Data entries:
lemma integral_mult_indicator_less:
  assumes "integrable M X" "E \<in> sets M" "measure M E > 0" "\<forall>\<omega>\<in>E. X \<omega> < a"
  shows "(\<integral>\<omega>. X \<omega> * indicator E \<omega> \<partial>M) < a * measure M E"
  using less_integral_mult_indicator[of "\<lambda>\<omega>. - X \<omega>" E "- a"] assms by simp

text \<open>If \<open>v\<close> were within \<open>\<epsilon>/2\<close> of \<open>c\<close>, every value \<open>F \<omega>\<close> would lie strictly beyond \<open>v\<close>
  as seen from \<open>c\<close>, which is impossible for their mean.\<close>

lemma DG_condE_ge_of_one_sided:
  assumes G: "convex_on {0..1} G" and "0 < \<epsilon>"
    and F: "F \<in> borel_measurable M" "\<forall>\<omega>\<in>space M. F \<omega> \<in> {0..1}"
    and E: "E \<in> sets M" "measure M E > 0" and c: "c \<in> {0..1}"
    and far: "\<forall>\<omega>\<in>E. \<epsilon> / 2 \<le> DG G (F \<omega>) c"
    and one_sided: "(\<forall>\<omega>\<in>E. c < F \<omega>) \<or> (\<forall>\<omega>\<in>E. F \<omega> < c)"
  shows "\<epsilon> / 2 \<le> DG G (condE M F E) c"
proof (rule ccontr)
  define v where "v = condE M F E"
  assume "\<not> \<epsilon> / 2 \<le> DG G (condE M F E) c"
  then have near: "DG G v c < \<epsilon> / 2" by (simp add: v_def)
  have v: "v \<in> {0..1}" unfolding v_def using condE_in_unit_interval F E(1) .
  have mean: "(\<integral>\<omega>. F \<omega> * indicator E \<omega> \<partial>M) = v * measure M E"
    using E(2) by (simp add: v_def condE_def)
  have outside: "F \<omega> \<notin> closed_segment c v" if "\<omega> \<in> E" for \<omega>
    using DG_less_on_closed_segment[OF G c v _ near] far that \<open>0 < \<epsilon>\<close> by force
  have intF: "integrable M F"
    using F by (intro integrable_const_bound[of _ 1]) auto
  from one_sided show False
  proof
    assume "\<forall>\<omega>\<in>E. c < F \<omega>"
    then have "\<forall>\<omega>\<in>E. v < F \<omega>"
      using outside by (fastforce simp: closed_segment_eq_real_ivl split: if_split_asm)
    then show False using less_integral_mult_indicator[OF intF E, of v] mean by simp
  next
    assume "\<forall>\<omega>\<in>E. F \<omega> < c"
    then have "\<forall>\<omega>\<in>E. F \<omega> < v"
      using outside by (fastforce simp: closed_segment_eq_real_ivl split: if_split_asm)
    then show False using integral_mult_indicator_less[OF intF E, of v] mean by simp
  qed
qed

lemma integral_DG_mult_indicator:
  assumes "integrable M F" "integrable M (\<lambda>\<omega>. G (F \<omega>))" "E \<in> sets M" "measure M E > 0"
  shows "(\<integral>\<omega>. DG G (F \<omega>) c * indicator E \<omega> \<partial>M)
       = (\<integral>\<omega>. (G (F \<omega>) - G (condE M F E)) * indicator E \<omega> \<partial>M) + DG G (condE M F E) c * measure M E"
proof -
  define v where "v = condE M F E"
  have mean: "(\<integral>\<omega>. F \<omega> * indicator E \<omega> \<partial>M) = v * measure M E"
    using assms(4) by (simp add: v_def condE_def)
  have "(\<integral>\<omega>. DG G (F \<omega>) c * indicator E \<omega> \<partial>M)
      = (\<integral>\<omega>. (G (F \<omega>) - G v) * indicator E \<omega>
             + (G v - G c + c * deriv G c) * indicator E \<omega>
             - deriv G c * (F \<omega> * indicator E \<omega>) \<partial>M)"
    unfolding DG_def by (rule Bochner_Integration.integral_cong) (simp_all add: algebra_simps)
  also have "\<dots> = (\<integral>\<omega>. (G (F \<omega>) - G v) * indicator E \<omega> \<partial>M)
      + (G v - G c + c * deriv G c) * measure M E - deriv G c * (v * measure M E)"
  proof -
    have "integrable M (\<lambda>\<omega>. (G (F \<omega>) - G v) * indicator E \<omega>)"
      using assms(1-3) by (intro integrable_real_mult_indicator) auto
    moreover have "integrable M (\<lambda>\<omega>. (G v - G c + c * deriv G c) * indicator E \<omega>)"
      using assms(3) by (intro integrable_real_mult_indicator) auto
    moreover have "integrable M (\<lambda>\<omega>. deriv G c * (F \<omega> * indicator E \<omega>))"
      using assms(1,3) by (intro integrable_mult_right integrable_real_mult_indicator)
    ultimately show ?thesis
      using assms(3) mean by simp
  qed
  also have "\<dots> = (\<integral>\<omega>. (G (F \<omega>) - G v) * indicator E \<omega> \<partial>M) + DG G v c * measure M E"
    unfolding DG_def by (simp add: algebra_simps)
  finally show ?thesis unfolding v_def .
qed

lemma message_event_gain:
  assumes G: "convex_on {0..1} G" "bdd_above (G ` {0..1})" "bdd_below (G ` {0..1})"
    and \<epsilon>: "0 < \<epsilon>" and m: "m \<in> {High, Low}"
    and F: "F \<in> borel_measurable M" "\<forall>\<omega>\<in>space M. F \<omega> \<in> {0..1}"
      "(\<lambda>\<omega>. G (F \<omega>)) \<in> borel_measurable M"
    and R: "R \<in> sets M" and c: "c \<in> {0..1}"
    and H: "H = {\<omega> \<in> space M. dmsg G \<epsilon> (F \<omega>) c = m}"
    and V: "\<And>\<omega>. \<omega> \<in> H \<Longrightarrow> V \<omega> = condE M F (R \<inter> H)"
  shows "condE M (\<lambda>\<omega>. DG G (F \<omega>) c * indicator H \<omega>) R * \<epsilon> / (8 * osc G + 2 * \<epsilon>)
       \<le> condE M (\<lambda>\<omega>. DG G (V \<omega>) c * indicator H \<omega>) R"
proof -
  define E where "E = R \<inter> H"
  define v where "v = condE M F E"
  define k where "k = \<epsilon> / (8 * osc G + 2 * \<epsilon>)"
  define I where "I = (\<integral>\<omega>. DG G (F \<omega>) c * indicator E \<omega> \<partial>M)"
  have E: "E \<in> sets M" unfolding E_def H using R sets_dmsg_eq[OF F(1,3)] by blast
  have osc: "0 \<le> osc G" using osc_ge_diff[OF G(2,3), of 0 0] by simp
  have "(\<lambda>\<omega>. DG G (V \<omega>) c * indicator H \<omega>) = (\<lambda>\<omega>. DG G v c * indicator H \<omega>)"
    using V by (auto simp: indicator_def v_def E_def)
  then have lhs: "condE M (\<lambda>\<omega>. DG G (V \<omega>) c * indicator H \<omega>) R = DG G v c * measure M E / measure M R"
    using E by (simp add: condE_mult_indicator E_def)
  have rhs: "condE M (\<lambda>\<omega>. DG G (F \<omega>) c * indicator H \<omega>) R = I / measure M R"
    by (simp add: condE_mult_indicator I_def E_def)
  have "I * k \<le> DG G v c * measure M E"
  proof (cases "measure M E = 0")
    case True
    then have "AE \<omega> in M. \<omega> \<notin> E"
      using E by (intro AE_not_in null_setsI) (simp_all add: emeasure_eq_measure)
    then have "I = 0" unfolding I_def by (intro integral_eq_zero_AE) (auto elim!: eventually_mono)
    then show ?thesis using True by simp
  next
    case False
    then have PE: "measure M E > 0" by (simp add: zero_less_measure_iff)
    have intF: "integrable M F" using F(1,2) by (intro integrable_const_bound[of _ 1]) auto
    have "\<bar>G (F \<omega>)\<bar> \<le> \<bar>G 0\<bar> + osc G" if "\<omega> \<in> space M" for \<omega>
      using osc_ge_diff[OF G(2,3), of "F \<omega>" 0] osc_ge_diff[OF G(2,3), of 0 "F \<omega>"] F(2) that
      by (auto simp: abs_le_iff)
    then have intGF: "integrable M (\<lambda>\<omega>. G (F \<omega>))"
      using F(3) by (intro integrable_const_bound[of _ "\<bar>G 0\<bar> + osc G"]) auto
    have on_E: "\<epsilon> / 2 \<le> DG G (F \<omega>) c \<and> (if m = High then c < F \<omega> else F \<omega> < c)" if "\<omega> \<in> E" for \<omega>
      using that m by (auto simp: E_def H dmsg_def split: if_splits)
    have far: "\<epsilon> / 2 \<le> DG G v c"
      unfolding v_def using on_E m
      by (intro DG_condE_ge_of_one_sided[OF G(1) \<epsilon> F(1,2) E PE c]) auto
    have "(\<integral>\<omega>. (G (F \<omega>) - G v) * indicator E \<omega> \<partial>M) \<le> (\<integral>\<omega>. osc G * indicator E \<omega> \<partial>M)"
      using E intGF F(2) osc_ge_diff[OF G(2,3)] condE_in_unit_interval[OF F(1,2) E]
      by (intro integral_mono integrable_real_mult_indicator) (auto simp: indicator_def v_def)
    then have I: "I \<le> (DG G v c + osc G) * measure M E"
      using integral_DG_mult_indicator[OF intF intGF E PE, of c] E
      by (simp add: I_def v_def algebra_simps)
    have "0 \<le> k" using \<epsilon> osc by (simp add: k_def)
    then have "I * k \<le> (DG G v c + osc G) * k * measure M E"
      using mult_right_mono[OF I, of k] by (simp add: mult_ac)
    also have "\<dots> \<le> DG G v c * measure M E"
      using gain_ratio_le[OF far osc \<epsilon>] by (intro mult_right_mono) (auto simp: k_def)
    finally show ?thesis .
  qed
  then have "I * k / measure M R \<le> DG G v c * measure M E / measure M R"
    by (simp add: divide_right_mono)
  then show ?thesis
    unfolding lhs rhs by (simp add: k_def mult.commute)
qed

#### Exercise brief
Answer with a single number: the count of lines above that contain the string "thesis".

#### Response to this task
5